Lindsey Brittain Collins Studio

Lindsey Brittain Collins is a New York-based painter working across multiple mediums including collage, sculpture, and installation. She creates architectural abstractions that narrate her encounters with built environments and urban spaces. Each painting serves as an archive of a place or moment in time. Inspired by contemporary and historical events, memory, and personal experiences, her conceptually driven work focuses on sharing untold stories and examining the role architecture plays in shaping social and economic structures. Her work confronts the erasure of blackness and spaces of blackness in history, such as African-American burial grounds and historically Black neighborhoods, raising questions of visibility and invisibility - shining a light on the stories of the people and places that have been overlooked. She is particularly interested in the relationship between architecture and race and exploring ways in which equity can be built. Her process is both heavily research-based while simultaneously spontaneous. Drawing on her academic background in business, economics, and sociology, she approaches the topics in her work through a critical lens.
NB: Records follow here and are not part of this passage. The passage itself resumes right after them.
lemma riesz_representation:
  fixes f :: "'a::chilbert_space \<Rightarrow> complex"
  assumes add: "\<And>x y. f (x + y) = f x + f y"
    and scale: "\<And>a x. f (a *\<^sub>C x) = a * f x"
    and bound: "\<And>x. cmod (f x) \<le> B * norm x"
  shows "\<exists>y. \<forall>x. f x = cinner x y"
proof (cases "\<forall>x. f x = 0")
  case True
  then show ?thesis by (intro exI[of _ 0]) simp
next
  case False
  then obtain x0 where x0: "f x0 \<noteq> 0" by blast
  have scaleR: "f (scaleR r x) = scaleR r (f x)" for r x
    by (simp add: scaleR_scaleC scale scaleR_conv_of_real)
  have "bounded_linear f"
    by (rule bounded_linear_intro[of f B]) (use add scaleR bound in \<open>auto simp: mult.commute\<close>)
  define M where "M = {x. f x = 1}"
  have "f (inverse (f x0) *\<^sub>C x0) = 1" using x0 by (simp add: scale)
  then have "M \<noteq> {}" unfolding M_def by blast
  moreover have "closed M" unfolding M_def
    by (rule closed_Collect_eq) (use linear_continuous_on[OF \<open>bounded_linear f\<close>] in auto)
  moreover have "scaleR (1/2) (x + y) \<in> M" if "x \<in> M" "y \<in> M" for x y
    using that by (simp add: M_def scaleR add scaleR_conv_of_real)
  ultimately obtain y0 where "y0 \<in> M" and "\<forall>x\<in>M. norm y0 \<le> norm x"
    using closed_midpoint_convex_has_min_norm by blast
  then have y0: "f y0 = 1" and min: "\<And>x. f x = 1 \<Longrightarrow> norm y0 \<le> norm x"
    unfolding M_def by auto
  have orth: "cinner n y0 = 0" if "f n = 0" for n
    by (rule min_norm_orthogonal, rule min) (simp add: add scale y0 that)
  have represent: "cinner x y0 = f x * complex_of_real ((norm y0)\<^sup>2)" for x
  proof -
    have "f (x - f x *\<^sub>C y0) = 0"
      using add[of "x - f x *\<^sub>C y0" "f x *\<^sub>C y0"] by (simp add: scale y0)
    then have "cinner (x - f x *\<^sub>C y0) y0 = 0" by (rule orth)
    then show ?thesis by (simp add: cinner_diff_left cinner_scaleC_left cinner_self_norm_power2)
  qed
  have "y0 \<noteq> 0" using y0 scale[of 0 0] by auto
  then show ?thesis
    by (intro exI[of _ "complex_of_real (inverse ((norm y0)\<^sup>2)) *\<^sub>C y0"])
      (simp add: cinner_scaleC_right represent)
qed

section \<open>Bounded operators and their adjoints\<close>

lemma cbounded_linear_add: "cbounded_linear T \<Longrightarrow> T (x + y) = T x + T y"
  unfolding cbounded_linear_def clinear_def by blast

lemma cbounded_linear_scaleC: "cbounded_linear T \<Longrightarrow> T (a *\<^sub>C x) = a *\<^sub>C T x"
  unfolding cbounded_linear_def clinear_def by blast

lemma cbounded_linear_minus: "cbounded_linear T \<Longrightarrow> T (- x) = - T x"
  using cbounded_linear_scaleC[of T "-1" x] by (simp add: scaleC_minus1)

lemma cbounded_linear_diff: "cbounded_linear T \<Longrightarrow> T (x - y) = T x - T y"
  by (simp only: diff_conv_add_uminus cbounded_linear_add cbounded_linear_minus)

lemma cbounded_linear_bound_nonneg:
  assumes "cbounded_linear T"
  shows "\<exists>B\<ge>0. \<forall>x. norm (T x) \<le> B * norm x"
proof -
  obtain B where B: "\<And>x. norm (T x) \<le> B * norm x"
    using assms unfolding cbounded_linear_def by blast
  have "norm (T x) \<le> max B 0 * norm x" for x
    using B[of x] mult_right_mono[of B "max B 0" "norm x"] by simp
  then show ?thesis by (intro exI[of _ "max B 0"]) simp
qed

lemma cbounded_linear_compose:
  assumes S: "cbounded_linear S" and T: "cbounded_linear T"
  shows "cbounded_linear (\<lambda>x. S (T x))"
proof -
  obtain B1 where B1: "B1 \<ge> 0" "\<And>x. norm (S x) \<le> B1 * norm x"
    using cbounded_linear_bound_nonneg[OF S] by blast
  obtain B2 where B2: "\<And>x. norm (T x) \<le> B2 * norm x"
    using cbounded_linear_bound_nonneg[OF T] by blast
  have "norm (S (T x)) \<le> B1 * (B2 * norm x)" for x
    using B1(2)[of "T x"] mult_left_mono[OF B2[of x] B1(1)] by linarith
  then have "norm (S (T x)) \<le> (B1 * B2) * norm x" for x by (simp add: mult.assoc)
  then show ?thesis using assms unfolding cbounded_linear_def clinear_def by auto
qed

lemma cbounded_linear_adjoint:
  assumes T: "cbounded_linear T" and adj: "\<And>x y. cinner (T x) y = cinner x (S y)"
  shows "cbounded_linear S"
proof -
  have "S (y1 + y2) = S y1 + S y2" for y1 y2
    by (rule cinner_right_eqI) (simp add: adj[symmetric] cinner_add_right)
  moreover have "S (a *\<^sub>C y) = a *\<^sub>C S y" for a y
    by (rule cinner_right_eqI) (simp add: adj[symmetric] cinner_scaleC_right)
  moreover obtain B where B: "B \<ge> 0" "\<And>x. norm (T x) \<le> B * norm x"
    using cbounded_linear_bound_nonneg[OF T] by blast
  have "norm (S y) \<le> B * norm y" for y
  proof -
    have "(norm (S y))\<^sup>2 = cmod (cinner (T (S y)) y)"
      by (simp add: adj cinner_self_norm_power2 norm_power)
    also have "\<dots> \<le> norm (T (S y)) * norm y" by (rule cmod_cinner_le)
    also have "\<dots> \<le> (B * norm (S y)) * norm y" by (rule mult_right_mono[OF B(2) norm_ge_zero])
    finally have "norm (S y) * norm (S y) \<le> norm (S y) * (B * norm y)"
      by (simp add: power2_eq_square algebra_simps)
    then show ?thesis using B(1) by (cases "norm (S y) = 0") auto
  qed
  ultimately show ?thesis unfolding cbounded_linear_def clinear_def by blast
qed

lemma adjoint_exists:
  fixes T :: "'a::chilbert_space \<Rightarrow> 'b::complex_inner"
  assumes T: "cbounded_linear T"
  shows "\<exists>S. \<forall>x y. cinner (T x) y = cinner x (S y)"
proof -
  obtain B where B: "B \<ge> 0" "\<And>x. norm (T x) \<le> B * norm x"
    using cbounded_linear_bound_nonneg[OF T] by blast
  have "\<exists>s. \<forall>x. cinner (T x) y = cinner x s" for y
  proof (rule riesz_representation[where B = "B * norm y"])
    show "cinner (T (x1 + x2)) y = cinner (T x1) y + cinner (T x2) y" for x1 x2
      by (simp add: cbounded_linear_add[OF T] cinner_add_left)
    show "cinner (T (a *\<^sub>C x)) y = a * cinner (T x) y" for a x
      by (simp add: cbounded_linear_scaleC[OF T] cinner_scaleC_left)
    show "cmod (cinner (T x) y) \<le> B * norm y * norm x" for x
      using cmod_cinner_le[of "T x" y] mult_right_mono[OF B(2)[of x] norm_ge_zero[of y]]
      by (simp add: algebra_simps)
  qed
  then show ?thesis by metis
qed

lemma cadj_cinner:
  fixes T :: "'a::chilbert_space \<Rightarrow> 'b::complex_inner"
  assumes T: "cbounded_linear T"
  shows "cinner (T x) y = cinner x (cadj T y)"
proof -
  obtain S where S: "\<forall>x y. cinner (T x) y = cinner x (S y)"
    using adjoint_exists[OF T] by blast
  have "cadj T = S" unfolding cadj_def
  proof (rule the_equality)
    fix S' assume "\<forall>x y. cinner (T x) y = cinner x (S' y)"
    then show "S' = S" using S by (metis cinner_right_eqI ext)
  qed (rule S)
  then show ?thesis using S by simp
qed

lemma cbounded_linear_cadj:
  fixes T :: "'a::chilbert_space \<Rightarrow> 'b::complex_inner"
  assumes T: "cbounded_linear T"
  shows "cbounded_linear (cadj T)"
  by (rule cbounded_linear_adjoint[OF T cadj_cinner[OF T]])

lemma binvertibleD:
  assumes "binvertible T"
  shows "cbounded_linear T" "cbounded_linear (binv T)" "binv T (T x) = x" "T (binv T x) = x"
proof -
  obtain S where S: "cbounded_linear S" "S \<circ> T = id" "T \<circ> S = id"
    using assms unfolding binvertible_def by blast
  have "binv T = S" unfolding binv_def
  proof (rule the_equality)
    fix S' assume "S' \<circ> T = id \<and> T \<circ> S' = id"
    then show "S' = S" using S by (metis comp_assoc comp_id id_comp)
  qed (use S in simp)
  then show "cbounded_linear (binv T)" "binv T (T x) = x" "T (binv T x) = x"
    using S by (simp_all add: pointfree_idE)
  show "cbounded_linear T" using assms unfolding binvertible_def by blast
qed

lemma binvertibleI:
  assumes "cbounded_linear T" "cbounded_linear S" "\<And>x. S (T x) = x" "\<And>x. T (S x) = x"
  shows "binvertible T"
  unfolding binvertible_def using assms by (auto intro!: exI[of _ S] simp: fun_eq_iff)

lemma binvertible_adjoint:
  fixes T S :: "'a::chilbert_space \<Rightarrow> 'a"
  assumes T: "binvertible T" and adj: "\<And>x y. cinner (T x) y = cinner x (S y)"
  shows "binvertible S" "cinner (binv T x) y = cinner x (binv S y)"
proof -
  note inv = binvertibleD[OF T]
  have S: "cbounded_linear S" by (rule cbounded_linear_adjoint[OF inv(1) adj])
  show "binvertible S"
  proof (rule binvertibleI[OF S cbounded_linear_cadj[OF inv(2)]])
    show "cadj (binv T) (S y) = y" for y
    proof (rule cinner_right_eqI)
      fix x
      have "cinner x (cadj (binv T) (S y)) = cinner (binv T x) (S y)"
        by (rule cadj_cinner[OF inv(2), symmetric])
      then show "cinner x (cadj (binv T) (S y)) = cinner x y" by (simp add: adj[symmetric] inv(4))
    qed
    show "S (cadj (binv T) y) = y" for y
    proof (rule cinner_right_eqI)
      fix x
      have "cinner x (S (cadj (binv T) y)) = cinner (binv T (T x)) y"
        by (simp add: adj[symmetric] cadj_cinner[OF inv(2)])
      then show "cinner x (S (cadj (binv T) y)) = cinner x y" by (simp add: inv(3))
    qed
  qed
  then have "cinner (binv T x) y = cinner (binv T x) (S (binv S y))" by (simp add: binvertibleD(4))
  then show "cinner (binv T x) y = cinner x (binv S y)" by (simp add: adj[symmetric] inv(4))
qed

section \<open>The Pontryagin inner product\<close>

lemma pinner_add_right: "pinner J x (y + z) = pinner J x y + pinner J x z"
  unfolding pinner_def by (simp add: cinner_add_right)

lemma pinner_scaleC_right: "pinner J x (a *\<^sub>C y) = cnj a * pinner J x y"
  unfolding pinner_def by (simp add: cinner_scaleC_right)

lemma pinner_diff_right: "pinner J x (y - z) = pinner J x y - pinner J x z"
  unfolding pinner_def by (simp add: cinner_diff_right)

lemma padj_eqI:
  fixes T :: "'h::chilbert_space \<Rightarrow> 'k::chilbert_space"
  assumes "\<And>h k. pinner J (T h) k = cinner h (S k)"
  shows "padj J T = S"
  unfolding padj_def
proof (rule the_equality)
  fix S' assume "\<forall>h k. pinner J (T h) k = cinner h (S' k)"
  then show "S' = S" using assms by (metis cinner_right_eqI ext)
qed (use assms in blast)

context
  fixes J :: "'k::chilbert_space \<Rightarrow> 'k"
  assumes J: "fundamental_symmetry J"
begin

lemma fundamental_symmetry_cbounded_linear: "cbounded_linear J"
  and fundamental_symmetry_involution: "J (J x) = x"
  and fundamental_symmetry_cinner: "cinner (J x) y = cinner x (J y)"
  using J unfolding fundamental_symmetry_def by blast+

lemma pinner_add_left: "pinner J (x + y) z = pinner J x z + pinner J y z"
  unfolding pinner_def
  by (simp add: cbounded_linear_add[OF fundamental_symmetry_cbounded_linear] cinner_add_left)

lemma pinner_scaleC_left: "pinner J (a *\<^sub>C x) y = a * pinner J x y"
  unfolding pinner_def
  by (simp add: cbounded_linear_scaleC[OF fundamental_symmetry_cbounded_linear] cinner_scaleC_left)

lemma pinner_diff_left: "pinner J (x - y) z = pinner J x z - pinner J y z"
  unfolding pinner_def
  by (simp add: cbounded_linear_diff[OF fundamental_symmetry_cbounded_linear] cinner_diff_left)

lemma pinner_commute: "pinner J x y = cnj (pinner J y x)"
  unfolding pinner_def by (metis cinner_commute fundamental_symmetry_cinner)

lemma pinner_right_eqI: "(\<And>u. pinner J u a = pinner J u b) \<Longrightarrow> a = b"
  unfolding pinner_def by (rule cinner_right_eqI) (metis fundamental_symmetry_involution)

lemma pinner_padj:
  fixes T :: "'h::chilbert_space \<Rightarrow> 'k"
  assumes T: "cbounded_linear T"
  shows "pinner J (T h) k = cinner h (padj J T k)"
proof -
  have "padj J T = (\<lambda>k. cadj T (J k))"
    by (rule padj_eqI) (simp add: pinner_def fundamental_symmetry_cinner cadj_cinner[OF T])
  then show ?thesis by (simp add: pinner_def fundamental_symmetry_cinner cadj_cinner[OF T])
qed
Lindsey received her MFA from Columbia University in 2021. She holds an MBA from Columbia Business School and B.A. in Economics and Sociology from the University of Virginia. In 2018 she was appointed by the Governor to the Art & Architectural Review Board for the state of Virginia. She has been an artist-in-residence at the Vermont Studio Center and was the recipient of the 2019 Arena Stage Emerging Leader in the Arts Award. Currently, Brittain Collins is an artist-in-residence at the World Trade Center through Silver Art Projects, where this year’s program focus is on social justice and activism.